**Saved entries**:
——————————

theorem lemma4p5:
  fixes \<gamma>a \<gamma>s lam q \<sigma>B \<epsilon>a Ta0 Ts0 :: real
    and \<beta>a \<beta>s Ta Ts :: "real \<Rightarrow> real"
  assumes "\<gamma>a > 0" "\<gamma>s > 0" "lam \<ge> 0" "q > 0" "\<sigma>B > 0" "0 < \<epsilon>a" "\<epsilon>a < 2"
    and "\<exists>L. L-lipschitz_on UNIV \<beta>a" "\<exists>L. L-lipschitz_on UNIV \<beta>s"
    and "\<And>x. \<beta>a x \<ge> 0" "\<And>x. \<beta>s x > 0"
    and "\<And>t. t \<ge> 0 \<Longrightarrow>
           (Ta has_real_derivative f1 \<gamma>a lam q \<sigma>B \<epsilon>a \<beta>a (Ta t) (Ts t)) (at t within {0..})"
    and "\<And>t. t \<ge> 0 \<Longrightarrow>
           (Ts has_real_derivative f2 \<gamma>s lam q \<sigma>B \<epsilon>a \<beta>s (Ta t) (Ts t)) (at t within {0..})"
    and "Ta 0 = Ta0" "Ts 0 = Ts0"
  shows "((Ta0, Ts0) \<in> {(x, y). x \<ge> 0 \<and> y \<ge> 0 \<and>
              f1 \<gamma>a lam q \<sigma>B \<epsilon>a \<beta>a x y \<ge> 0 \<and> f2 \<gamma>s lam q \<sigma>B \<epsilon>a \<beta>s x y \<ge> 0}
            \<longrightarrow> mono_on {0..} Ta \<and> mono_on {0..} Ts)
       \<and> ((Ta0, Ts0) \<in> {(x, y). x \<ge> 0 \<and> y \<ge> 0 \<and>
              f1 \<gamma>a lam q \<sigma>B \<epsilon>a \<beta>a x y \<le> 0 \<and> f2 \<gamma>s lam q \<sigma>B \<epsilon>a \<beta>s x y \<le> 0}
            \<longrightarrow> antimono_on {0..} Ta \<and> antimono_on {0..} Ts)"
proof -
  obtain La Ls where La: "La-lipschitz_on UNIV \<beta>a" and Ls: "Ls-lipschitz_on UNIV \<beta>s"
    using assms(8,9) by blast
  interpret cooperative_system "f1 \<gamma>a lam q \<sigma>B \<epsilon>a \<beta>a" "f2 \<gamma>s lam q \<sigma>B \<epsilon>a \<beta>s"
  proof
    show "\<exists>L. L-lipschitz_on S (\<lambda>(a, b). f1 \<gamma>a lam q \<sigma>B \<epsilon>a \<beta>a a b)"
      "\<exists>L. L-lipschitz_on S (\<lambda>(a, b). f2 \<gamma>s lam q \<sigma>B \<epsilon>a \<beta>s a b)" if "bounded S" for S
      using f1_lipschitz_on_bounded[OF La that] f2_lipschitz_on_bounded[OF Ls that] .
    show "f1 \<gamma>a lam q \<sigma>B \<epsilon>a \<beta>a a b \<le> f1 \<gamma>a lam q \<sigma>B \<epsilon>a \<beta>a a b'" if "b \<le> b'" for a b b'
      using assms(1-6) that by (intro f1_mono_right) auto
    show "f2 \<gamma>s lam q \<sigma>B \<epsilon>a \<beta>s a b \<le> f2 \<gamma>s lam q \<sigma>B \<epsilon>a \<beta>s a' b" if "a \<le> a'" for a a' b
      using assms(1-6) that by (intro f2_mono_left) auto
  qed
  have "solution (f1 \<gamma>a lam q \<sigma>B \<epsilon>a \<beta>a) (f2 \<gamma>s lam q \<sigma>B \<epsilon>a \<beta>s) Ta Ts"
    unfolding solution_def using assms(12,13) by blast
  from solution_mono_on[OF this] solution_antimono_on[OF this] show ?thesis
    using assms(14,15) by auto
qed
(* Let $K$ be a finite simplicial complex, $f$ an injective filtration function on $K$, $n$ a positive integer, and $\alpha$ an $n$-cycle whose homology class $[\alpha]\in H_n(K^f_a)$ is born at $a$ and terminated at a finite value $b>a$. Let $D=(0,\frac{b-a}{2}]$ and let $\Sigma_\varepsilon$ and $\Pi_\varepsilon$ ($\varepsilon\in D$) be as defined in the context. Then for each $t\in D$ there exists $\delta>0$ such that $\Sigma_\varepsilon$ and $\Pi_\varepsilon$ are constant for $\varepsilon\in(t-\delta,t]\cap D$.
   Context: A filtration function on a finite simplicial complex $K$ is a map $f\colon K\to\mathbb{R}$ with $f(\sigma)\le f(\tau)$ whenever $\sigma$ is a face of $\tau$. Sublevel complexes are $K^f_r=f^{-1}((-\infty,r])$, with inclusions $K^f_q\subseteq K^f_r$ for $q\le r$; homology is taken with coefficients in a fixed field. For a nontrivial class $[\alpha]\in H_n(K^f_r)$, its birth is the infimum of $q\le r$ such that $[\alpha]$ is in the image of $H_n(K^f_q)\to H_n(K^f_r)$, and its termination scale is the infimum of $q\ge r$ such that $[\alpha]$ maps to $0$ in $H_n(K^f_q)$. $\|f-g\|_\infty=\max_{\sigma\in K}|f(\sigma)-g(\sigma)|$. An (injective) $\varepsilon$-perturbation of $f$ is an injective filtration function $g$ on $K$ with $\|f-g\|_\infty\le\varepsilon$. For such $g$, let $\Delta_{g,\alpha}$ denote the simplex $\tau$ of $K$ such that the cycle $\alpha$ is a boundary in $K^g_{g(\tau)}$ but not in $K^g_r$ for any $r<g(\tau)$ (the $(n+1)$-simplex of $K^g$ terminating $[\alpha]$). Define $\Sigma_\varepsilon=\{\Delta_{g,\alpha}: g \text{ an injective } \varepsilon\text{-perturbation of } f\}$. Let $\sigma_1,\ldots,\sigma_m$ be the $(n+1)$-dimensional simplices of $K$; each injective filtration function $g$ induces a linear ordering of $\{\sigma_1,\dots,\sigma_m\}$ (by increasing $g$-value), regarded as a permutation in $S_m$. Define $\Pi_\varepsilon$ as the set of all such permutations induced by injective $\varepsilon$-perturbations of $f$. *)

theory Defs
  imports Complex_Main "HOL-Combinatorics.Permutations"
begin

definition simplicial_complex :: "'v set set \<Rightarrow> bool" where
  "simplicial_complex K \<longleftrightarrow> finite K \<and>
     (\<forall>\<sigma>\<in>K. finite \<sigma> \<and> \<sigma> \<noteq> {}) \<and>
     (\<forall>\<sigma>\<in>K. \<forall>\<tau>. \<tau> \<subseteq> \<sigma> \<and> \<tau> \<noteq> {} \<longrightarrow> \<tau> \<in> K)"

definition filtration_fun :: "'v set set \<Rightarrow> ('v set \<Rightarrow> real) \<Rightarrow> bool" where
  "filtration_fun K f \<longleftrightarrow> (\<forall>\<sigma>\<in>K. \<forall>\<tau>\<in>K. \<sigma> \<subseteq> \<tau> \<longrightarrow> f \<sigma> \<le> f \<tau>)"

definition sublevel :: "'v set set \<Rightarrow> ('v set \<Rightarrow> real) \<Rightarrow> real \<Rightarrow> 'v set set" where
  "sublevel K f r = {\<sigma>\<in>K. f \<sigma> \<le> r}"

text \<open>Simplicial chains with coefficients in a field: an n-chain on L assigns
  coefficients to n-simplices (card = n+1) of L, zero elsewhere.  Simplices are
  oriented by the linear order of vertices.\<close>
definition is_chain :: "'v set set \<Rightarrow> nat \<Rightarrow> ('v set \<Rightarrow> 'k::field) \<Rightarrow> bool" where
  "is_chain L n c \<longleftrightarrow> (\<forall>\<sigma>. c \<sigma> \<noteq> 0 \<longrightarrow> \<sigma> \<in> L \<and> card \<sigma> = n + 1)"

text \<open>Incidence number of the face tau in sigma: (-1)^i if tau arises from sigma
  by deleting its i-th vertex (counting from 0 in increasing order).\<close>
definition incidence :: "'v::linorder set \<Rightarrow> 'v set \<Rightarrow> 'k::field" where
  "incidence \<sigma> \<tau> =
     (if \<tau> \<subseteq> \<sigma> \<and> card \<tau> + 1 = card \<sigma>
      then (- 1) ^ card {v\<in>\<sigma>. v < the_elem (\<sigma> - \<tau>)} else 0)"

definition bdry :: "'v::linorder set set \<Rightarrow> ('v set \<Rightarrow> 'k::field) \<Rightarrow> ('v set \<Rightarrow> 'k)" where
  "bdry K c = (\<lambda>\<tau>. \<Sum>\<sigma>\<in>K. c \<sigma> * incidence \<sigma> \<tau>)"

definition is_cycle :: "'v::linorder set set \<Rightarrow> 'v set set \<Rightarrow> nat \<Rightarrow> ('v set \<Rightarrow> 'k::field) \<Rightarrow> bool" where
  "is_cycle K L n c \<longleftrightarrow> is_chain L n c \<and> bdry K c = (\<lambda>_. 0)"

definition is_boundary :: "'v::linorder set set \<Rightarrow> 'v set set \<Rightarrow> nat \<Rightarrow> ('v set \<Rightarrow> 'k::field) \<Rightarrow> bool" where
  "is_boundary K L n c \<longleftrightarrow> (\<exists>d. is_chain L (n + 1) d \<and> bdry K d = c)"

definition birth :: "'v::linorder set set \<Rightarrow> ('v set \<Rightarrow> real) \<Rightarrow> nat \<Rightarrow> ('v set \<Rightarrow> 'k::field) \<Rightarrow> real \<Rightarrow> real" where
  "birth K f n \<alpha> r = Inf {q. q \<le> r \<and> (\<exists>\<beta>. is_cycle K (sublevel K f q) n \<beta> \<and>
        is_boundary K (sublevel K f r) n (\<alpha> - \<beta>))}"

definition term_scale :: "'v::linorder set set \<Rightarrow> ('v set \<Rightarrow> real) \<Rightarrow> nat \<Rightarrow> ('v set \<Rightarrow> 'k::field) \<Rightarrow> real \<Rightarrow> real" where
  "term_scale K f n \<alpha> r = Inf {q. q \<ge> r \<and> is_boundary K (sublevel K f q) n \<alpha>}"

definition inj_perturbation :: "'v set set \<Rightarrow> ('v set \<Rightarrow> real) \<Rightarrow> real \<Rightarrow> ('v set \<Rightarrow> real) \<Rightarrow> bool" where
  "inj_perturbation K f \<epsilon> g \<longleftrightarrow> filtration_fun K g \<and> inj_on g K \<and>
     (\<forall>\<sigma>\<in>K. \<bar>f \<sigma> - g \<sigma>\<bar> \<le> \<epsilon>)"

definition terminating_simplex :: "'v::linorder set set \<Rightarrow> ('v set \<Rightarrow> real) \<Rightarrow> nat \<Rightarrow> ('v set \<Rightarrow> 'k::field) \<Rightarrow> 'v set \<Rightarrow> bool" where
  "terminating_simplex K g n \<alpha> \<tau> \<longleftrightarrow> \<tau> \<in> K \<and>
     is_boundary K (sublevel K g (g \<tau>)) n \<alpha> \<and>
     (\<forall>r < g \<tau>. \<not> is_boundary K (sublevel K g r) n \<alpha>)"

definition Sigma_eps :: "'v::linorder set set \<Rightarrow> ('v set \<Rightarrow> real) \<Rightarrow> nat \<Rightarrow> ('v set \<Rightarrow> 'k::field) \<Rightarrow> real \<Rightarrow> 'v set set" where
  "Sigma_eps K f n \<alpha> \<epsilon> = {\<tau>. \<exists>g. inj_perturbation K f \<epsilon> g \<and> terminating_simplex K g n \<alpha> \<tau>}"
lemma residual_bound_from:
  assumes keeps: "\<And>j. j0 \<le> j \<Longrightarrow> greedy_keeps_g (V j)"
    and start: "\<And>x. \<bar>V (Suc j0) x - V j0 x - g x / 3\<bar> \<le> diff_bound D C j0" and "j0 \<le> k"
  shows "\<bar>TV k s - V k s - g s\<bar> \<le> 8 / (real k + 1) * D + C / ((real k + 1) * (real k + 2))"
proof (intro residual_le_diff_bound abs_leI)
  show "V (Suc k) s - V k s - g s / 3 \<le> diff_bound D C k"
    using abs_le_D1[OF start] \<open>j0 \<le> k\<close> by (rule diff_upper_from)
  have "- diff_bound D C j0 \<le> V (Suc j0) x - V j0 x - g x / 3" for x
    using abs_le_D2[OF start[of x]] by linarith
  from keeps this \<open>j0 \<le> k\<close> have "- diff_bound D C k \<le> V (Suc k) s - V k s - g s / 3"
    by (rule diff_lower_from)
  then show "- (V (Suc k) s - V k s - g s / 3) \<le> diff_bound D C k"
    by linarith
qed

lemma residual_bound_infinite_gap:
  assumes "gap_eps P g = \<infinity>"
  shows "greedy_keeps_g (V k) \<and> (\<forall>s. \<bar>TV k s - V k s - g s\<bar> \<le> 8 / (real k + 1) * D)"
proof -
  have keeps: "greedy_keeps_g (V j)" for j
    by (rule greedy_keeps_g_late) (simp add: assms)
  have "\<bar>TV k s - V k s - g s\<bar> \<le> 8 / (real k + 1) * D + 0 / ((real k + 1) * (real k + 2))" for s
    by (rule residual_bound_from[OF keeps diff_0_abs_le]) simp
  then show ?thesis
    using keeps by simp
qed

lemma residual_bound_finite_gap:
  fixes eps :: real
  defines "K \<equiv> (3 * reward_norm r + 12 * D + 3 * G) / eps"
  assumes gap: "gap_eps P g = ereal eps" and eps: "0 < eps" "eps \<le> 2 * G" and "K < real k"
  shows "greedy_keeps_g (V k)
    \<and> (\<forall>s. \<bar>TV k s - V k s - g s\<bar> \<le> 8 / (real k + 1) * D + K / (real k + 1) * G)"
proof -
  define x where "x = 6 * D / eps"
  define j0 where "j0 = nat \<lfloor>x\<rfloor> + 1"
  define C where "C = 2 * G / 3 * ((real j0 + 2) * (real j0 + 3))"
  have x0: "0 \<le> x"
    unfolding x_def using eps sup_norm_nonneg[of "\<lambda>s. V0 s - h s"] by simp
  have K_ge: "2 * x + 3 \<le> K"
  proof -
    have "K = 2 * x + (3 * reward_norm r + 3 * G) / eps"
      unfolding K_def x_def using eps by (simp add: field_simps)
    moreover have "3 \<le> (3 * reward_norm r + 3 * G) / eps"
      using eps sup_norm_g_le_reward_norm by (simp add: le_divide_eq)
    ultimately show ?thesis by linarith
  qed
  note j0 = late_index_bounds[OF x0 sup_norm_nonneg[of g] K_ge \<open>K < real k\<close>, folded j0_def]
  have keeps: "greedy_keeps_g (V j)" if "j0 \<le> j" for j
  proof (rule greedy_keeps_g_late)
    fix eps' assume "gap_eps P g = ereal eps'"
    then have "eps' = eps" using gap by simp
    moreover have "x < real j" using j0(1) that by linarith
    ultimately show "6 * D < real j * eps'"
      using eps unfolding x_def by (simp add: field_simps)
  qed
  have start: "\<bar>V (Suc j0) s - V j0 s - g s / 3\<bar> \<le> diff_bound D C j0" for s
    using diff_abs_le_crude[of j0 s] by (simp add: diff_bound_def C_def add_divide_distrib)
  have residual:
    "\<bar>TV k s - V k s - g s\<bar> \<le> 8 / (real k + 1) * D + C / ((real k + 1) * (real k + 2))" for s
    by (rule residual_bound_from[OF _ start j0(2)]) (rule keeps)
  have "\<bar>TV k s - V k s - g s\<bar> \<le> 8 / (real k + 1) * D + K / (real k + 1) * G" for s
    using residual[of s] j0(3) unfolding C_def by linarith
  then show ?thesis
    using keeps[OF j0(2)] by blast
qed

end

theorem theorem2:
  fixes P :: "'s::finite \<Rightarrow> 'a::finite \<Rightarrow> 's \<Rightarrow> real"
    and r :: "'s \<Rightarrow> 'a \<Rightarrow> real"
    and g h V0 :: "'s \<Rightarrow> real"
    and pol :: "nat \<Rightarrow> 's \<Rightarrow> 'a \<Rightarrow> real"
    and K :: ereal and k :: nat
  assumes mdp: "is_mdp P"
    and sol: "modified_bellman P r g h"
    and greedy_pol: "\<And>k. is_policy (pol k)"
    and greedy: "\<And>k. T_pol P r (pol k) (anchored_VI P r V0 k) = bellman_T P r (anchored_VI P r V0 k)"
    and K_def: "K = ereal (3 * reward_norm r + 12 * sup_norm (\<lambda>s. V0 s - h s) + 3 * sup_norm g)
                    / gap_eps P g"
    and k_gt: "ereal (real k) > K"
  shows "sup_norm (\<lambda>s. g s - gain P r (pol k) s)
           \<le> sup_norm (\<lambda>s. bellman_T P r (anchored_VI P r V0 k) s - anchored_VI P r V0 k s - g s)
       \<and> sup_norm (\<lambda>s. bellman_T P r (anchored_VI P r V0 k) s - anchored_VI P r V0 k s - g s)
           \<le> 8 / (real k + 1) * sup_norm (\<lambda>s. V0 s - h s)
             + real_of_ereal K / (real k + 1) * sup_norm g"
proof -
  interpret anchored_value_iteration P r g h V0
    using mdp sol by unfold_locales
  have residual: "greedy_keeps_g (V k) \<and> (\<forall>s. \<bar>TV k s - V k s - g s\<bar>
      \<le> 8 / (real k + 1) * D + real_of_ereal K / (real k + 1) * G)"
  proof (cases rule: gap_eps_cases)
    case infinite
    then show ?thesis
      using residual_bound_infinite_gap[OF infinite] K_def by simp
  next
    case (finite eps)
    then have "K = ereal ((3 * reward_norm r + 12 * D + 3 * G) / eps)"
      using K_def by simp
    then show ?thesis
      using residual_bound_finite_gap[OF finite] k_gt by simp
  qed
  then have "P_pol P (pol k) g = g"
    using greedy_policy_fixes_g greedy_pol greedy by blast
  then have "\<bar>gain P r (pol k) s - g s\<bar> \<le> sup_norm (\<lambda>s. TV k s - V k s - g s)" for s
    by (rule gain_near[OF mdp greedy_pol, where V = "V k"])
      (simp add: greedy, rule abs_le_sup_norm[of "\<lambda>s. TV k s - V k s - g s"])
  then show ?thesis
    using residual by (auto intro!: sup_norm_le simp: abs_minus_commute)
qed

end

——————————

**Task details**: Your task is to gather all lines from the entries above that hold the word "shows".

**Answer**:
  shows "((Ta0, Ts0) \<in> {(x, y). x \<ge> 0 \<and> y \<ge> 0 \<and>
  shows "\<bar>TV k s - V k s - g s\<bar> \<le> 8 / (real k + 1) * D + C / ((real k + 1) * (real k + 2))"
  shows "greedy_keeps_g (V k) \<and> (\<forall>s. \<bar>TV k s - V k s - g s\<bar> \<le> 8 / (real k + 1) * D)"
  shows "greedy_keeps_g (V k)
  shows "sup_norm (\<lambda>s. g s - gain P r (pol k) s)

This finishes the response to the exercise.